The body of Annie Le GRD ’13 was flown back to California this weekend as the authorities continued to search for a motive in her murder.

Le’s family left New Haven on Friday, and her relatives have made plans for a funeral that will take place this coming Saturday at the Holy Trinity Church in El Dorado Hills, Calif. The remains of Le, a 24-year-old graduate student who was strangled to death on Sept. 8, are now at the Green Valley Mortuary in Rescue, Calif., according to the funeral director there.

“Of course, Annie, her body, is home,” Dennis Smith, a New Haven pastor who became a family friend over the past two weeks, said Sunday night. “And of course now the family is away from where the crime happened, and I think that’s probably good. But there are still major events ahead of them with the funeral and all that it entails.”

The funeral will be open to family members and close friends, Smith said, adding that the family hopes its privacy will be respected during “this time of loss and grief.”

Chris Le, Annie’s brother, told an ABC affiliate in Sacramento over the weekend that his sister “lived a good life.”

“We want to respect that and have others respect that as well,” he said.

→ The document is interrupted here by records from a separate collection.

lemma hist_SucE:
  obtains a where "hist L (Suc t) = hist L t @ [a]" "a \<in> cands L t"
    "\<And>i. i \<in> cands L t \<Longrightarrow> cnt (hist L t) a \<le> cnt (hist L t) i"
proof -
  let ?a = "tb (hist L t) (least_pulled (hist L t) (cands L t))"
  have "?a \<in> least_pulled (hist L t) (cands L t)"
    using valid_tiebreak_argmin[OF valid_tb finite_cands cands_nonempty] .
  then show ?thesis
    using that[of ?a] finite_cands by simp
qed

lemma length_hist [simp]: "length (hist L t) = t"
  by (induction t) auto

lemma cnt_hist_Suc_balanced_step:
  assumes "i \<in> cands L t" "j \<in> cands L t" "cnt (hist L t) i \<le> cnt (hist L t) j + 1"
  shows "cnt (hist L (Suc t)) i \<le> cnt (hist L (Suc t)) j + 1"
proof -
  obtain a where "hist L (Suc t) = hist L t @ [a]"
    "\<And>i. i \<in> cands L t \<Longrightarrow> cnt (hist L t) a \<le> cnt (hist L t) i"
    using hist_SucE by metis
  then show ?thesis
    using assms by fastforce
qed

lemma cnt_hist_balanced: "i \<in> cands L t \<Longrightarrow> j \<in> cands L t \<Longrightarrow> cnt (hist L t) i \<le> cnt (hist L t) j + 1"
proof (induction t arbitrary: i j)
  case (Suc t)
  then have "i \<in> cands L t" "j \<in> cands L t"
    using cands_antimono[of t "Suc t" L] by auto
  then show ?case
    using Suc.IH by (intro cnt_hist_Suc_balanced_step) auto
qed (simp add: cnt_def)

lemma cnt_hist_Suc_balanced:
  "i \<in> cands L t \<Longrightarrow> j \<in> cands L t \<Longrightarrow> cnt (hist L (Suc t)) i \<le> cnt (hist L (Suc t)) j + 1"
  by (intro cnt_hist_Suc_balanced_step cnt_hist_balanced)

lemma sum_cnt_hist_phase:
  assumes "t1 \<le> t2" "\<And>s. t1 \<le> s \<Longrightarrow> s < t2 \<Longrightarrow> cands L s = C"
  shows "(\<Sum>j\<in>C. cnt (hist L t2) j) = (\<Sum>j\<in>C. cnt (hist L t1) j) + (t2 - t1)"
  using assms
proof (induction t2)
  case (Suc t)
  show ?case
  proof (cases "t1 = Suc t")
    case False
    then have "t1 \<le> t" "cands L t = C"
      using Suc.prems by auto
    moreover obtain a where "hist L (Suc t) = hist L t @ [a]" "a \<in> cands L t"
      using hist_SucE by metis
    ultimately show ?thesis
      using Suc finite_cands[of L t] by (simp add: sum.distrib Suc_diff_le)
  qed simp
qed simp

lemma cnt_hist_phase_ge:
  assumes "t1 \<le> t2" "\<And>s. t1 \<le> s \<Longrightarrow> s < t2 \<Longrightarrow> cands L s = C" "card C = k" "k > 0"
    and "\<And>j. j \<in> C \<Longrightarrow> u \<le> real (cnt (hist L t1) j)" and "i \<in> C"
  shows "u + real (t2 - t1) / real k - 1 \<le> real (cnt (hist L t2) i)"
proof (cases "t1 = t2")
  case False
  then obtain t where t: "t2 = Suc t" "t1 \<le> t"
    using assms(1) by (cases t2) auto
  then have C: "cands L t = C"
    using assms(2) by simp
  have "real k * u + real (t2 - t1) \<le> (\<Sum>j\<in>C. real (cnt (hist L t1) j)) + real (t2 - t1)"
    using sum_mono[of C "\<lambda>_. u"] assms(3,5) by simp
  also have "\<dots> = (\<Sum>j\<in>C. real (cnt (hist L t2) j))"
    using sum_cnt_hist_phase[OF assms(1,2)] by (metis of_nat_add of_nat_sum)
  also have "\<dots> \<le> (\<Sum>j\<in>C. real (cnt (hist L t2) i) + 1)"
    using cnt_hist_Suc_balanced[of _ L t i] assms(6) C t(1) by (intro sum_mono) fastforce
  also have "\<dots> = real k * (real (cnt (hist L t2) i) + 1)"
    using assms(3) by simp
  finally show ?thesis
    using assms(4) by (simp add: field_simps)
qed (use assms in force)

text \<open>Phase \<open>k\<close>, with \<open>k\<close> candidates, runs from \<open>phase_end (Suc k)\<close> to \<open>phase_end k\<close>; the first
  phase starts at \<open>phase_end (Suc K) = 0\<close>.\<close>

definition phase_end :: "nat \<Rightarrow> nat" where
  "phase_end k = (if k \<le> K then T_elim k else 0)"

definition phase_cands :: "(nat \<Rightarrow> nat) \<Rightarrow> nat \<Rightarrow> nat set" where
  "phase_cands L k = {1..K} - L ` {Suc k..K}"

text \<open>The values outside \<open>{2..K}\<close> are fixed to \<open>0\<close> so that there are only finitely many
  elimination maps.\<close>

definition elim_map :: "(nat \<Rightarrow> nat) \<Rightarrow> bool" where
  "elim_map L \<longleftrightarrow> inj_on L {2..K} \<and> L ` {2..K} \<subseteq> {1..K} \<and> (\<forall>k. k \<notin> {2..K} \<longrightarrow> L k = 0)"

lemma phase_end_antimono: "2 \<le> k \<Longrightarrow> phase_end (Suc k) \<le> phase_end k"
  unfolding phase_end_def using T_elim_antimono[of k "Suc k"] by auto

lemma cands_phase:
  assumes "2 \<le> k" "k \<le> K" "phase_end (Suc k) \<le> s" "s < T_elim k"
  shows "cands L s = phase_cands L k"
proof -
  have "{k' \<in> {2..K}. T_elim k' \<le> s} = {Suc k..K}"
  proof (intro equalityI subsetI)
    fix x assume x: "x \<in> {k' \<in> {2..K}. T_elim k' \<le> s}"
    show "x \<in> {Suc k..K}"
    proof (rule ccontr)
      assume "x \<notin> {Suc k..K}"
      then show False
        using x assms(4) T_elim_antimono[of x k] by auto
    qed
  next
    fix x assume "x \<in> {Suc k..K}"
    then show "x \<in> {k' \<in> {2..K}. T_elim k' \<le> s}"
      using assms T_elim_antimono[of "Suc k" x] unfolding phase_end_def by auto
  qed
  then show ?thesis
    unfolding sched_cands_def phase_cands_def by simp
qed

lemma card_phase_cands:
  assumes "elim_map L" "1 \<le> k" "k \<le> K"
  shows "card (phase_cands L k) = k"
proof -
  have "inj_on L {Suc k..K}" "L ` {Suc k..K} \<subseteq> {1..K}"
    using assms unfolding elim_map_def by (auto intro: inj_on_subset)
  then show ?thesis
    unfolding phase_cands_def using assms(3) by (simp add: card_Diff_subset card_image)
qed

lemma phase_cands_cong: "(\<And>k. k \<in> {Suc n..K} \<Longrightarrow> L k = L' k) \<Longrightarrow> phase_cands L n = phase_cands L' n"
  unfolding phase_cands_def by (metis image_cong)

lemma phase_length_ge:
  assumes "2 \<le> k" "k \<le> K"
  shows "\<beta> k * real T - 1 \<le> real (phase_end k - phase_end (Suc k))"
proof -
  have "\<beta> k * real T - 1 \<le> real (phase_end k) - real (phase_end (Suc k))"
  proof (cases "Suc k \<le> K")
    case True
    have "(\<Sum>i=k..K. \<beta> i) = \<beta> k + (\<Sum>i=Suc k..K. \<beta> i)"
      using assms(2) by (simp add: sum.atLeast_Suc_atMost)
    then show ?thesis
      using T_elim_round[of k, unfolded abs_le_iff] T_elim_round[of "Suc k", unfolded abs_le_iff]
        assms True
      unfolding phase_end_def by (simp add: algebra_simps)
  next
    case False
    then have "k = K"
      using assms(2) by simp
    then show ?thesis
      using T_elim_round[of k, unfolded abs_le_iff] assms unfolding phase_end_def by simp
  qed
  then show ?thesis
    using phase_end_antimono[OF assms(1)] by (simp add: of_nat_diff)
qed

Smith, the pastor, said the arrest of Raymond Clark III, a Yale animal lab technician, brought a semblance of closure for those who loved Le. Clark was charged with Le’s murder Thursday but entered no plea. The prosecutor at Clark’s arraignment said the state has a strong case against the former University employee, who is set to appear in court on Oct. 6.

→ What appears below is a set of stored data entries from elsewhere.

lemma wallis_partial_product_mult_le:
  fixes f :: "nat \<Rightarrow> real"
  assumes step: "\<And>m. f m \<le> 4 * real (Suc m) ^ 2 / (4 * real (Suc m) ^ 2 - 1) * f (Suc m)"
    and lim: "f \<longlonglongrightarrow> 1"
  shows "(\<Prod>k=1..m. 4 * real k ^ 2 / (4 * real k ^ 2 - 1)) * f m \<le> pi / 2"
proof -
  define W where "W m = (\<Prod>k=1..m. 4 * real k ^ 2 / (4 * real k ^ 2 - 1))" for m
  have inc: "incseq (\<lambda>m. W m * f m)"
  proof (rule incseq_SucI)
    fix m
    have "W m \<ge> 0"
      unfolding W_def wallis_partial_product_eq using central_binomial_ratio_pos[of m] by simp
    then have "W m * f m \<le> W m * (4 * real (Suc m) ^ 2 / (4 * real (Suc m) ^ 2 - 1) * f (Suc m))"
      by (rule mult_left_mono[OF step])
    then show "W m * f m \<le> W (Suc m) * f (Suc m)"
      by (simp add: W_def mult_ac)
  qed
  have "(\<lambda>m. W m * f m) \<longlonglongrightarrow> pi / 2 * 1"
    unfolding W_def by (intro tendsto_mult wallis lim)
  from incseq_le[OF inc this] show ?thesis
    by (simp add: W_def)
qed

Remarked Smith: “The question had been, ‘Who would do this?’ Now of course the big question is, ‘Why?’ ”

Over the weekend, authorities said they still have no answer to that question.

New Haven Police Department spokesman Joe Avery said Sunday that police do not know what motive Clark, the only person arrested in the killing, might have had to strangle Le. Avery said police may never know why Le was killed.

Clark is currently incarcerated at the MacDougall-Walker Correctional Institution in Suffield, Conn, a high- and maximum-security prison that is the largest correctional facility in New England.

Avery said authorities have no other suspects at this point, and no plans for any further arrests in the investigation. But he revealed that Clark was not the only person the NHPD followed beginning last weekend. “A few other people” were subjected to around-the-clock surveillance, Avery said.

Clark’s sister, brother-in-law and fiancé all work for Yale, and their entries in the University’s online directory were redacted during the past week. University President Richard Levin said he knew of no disciplinary action that had been taken against them and said it was possible that the directory information was restricted to protect their privacy.

Anton Bennett, the pharmacology professor who served as Le’s adviser, issued a statement this weekend in which he called his student “a bright light of enormous potential prematurely extinguished.”

“The tragic loss of Annie Le, who had become an integral member of our laboratory, now seeds another source of inspiration,” he said. “Annie Le’s work will continue. We will draw upon the energy of Annie Le’s life to help us fulfill our efforts of striving to make a difference in this world.”

Levin said he believes authorities have completed their work at 10 Amistad St., the building where Le’s body was found, and that access to the building will be restored this week, though additional security measures will be implemented.

Graduate School Dean Jon Butler and other Yale officials are planning to attend Saturday’s funeral. Yale spokesman Tom Conroy said condolence notes can be sent to the Le family care of the University Chaplain’s Office, P.O. Box 209078, New Haven, CT 06520.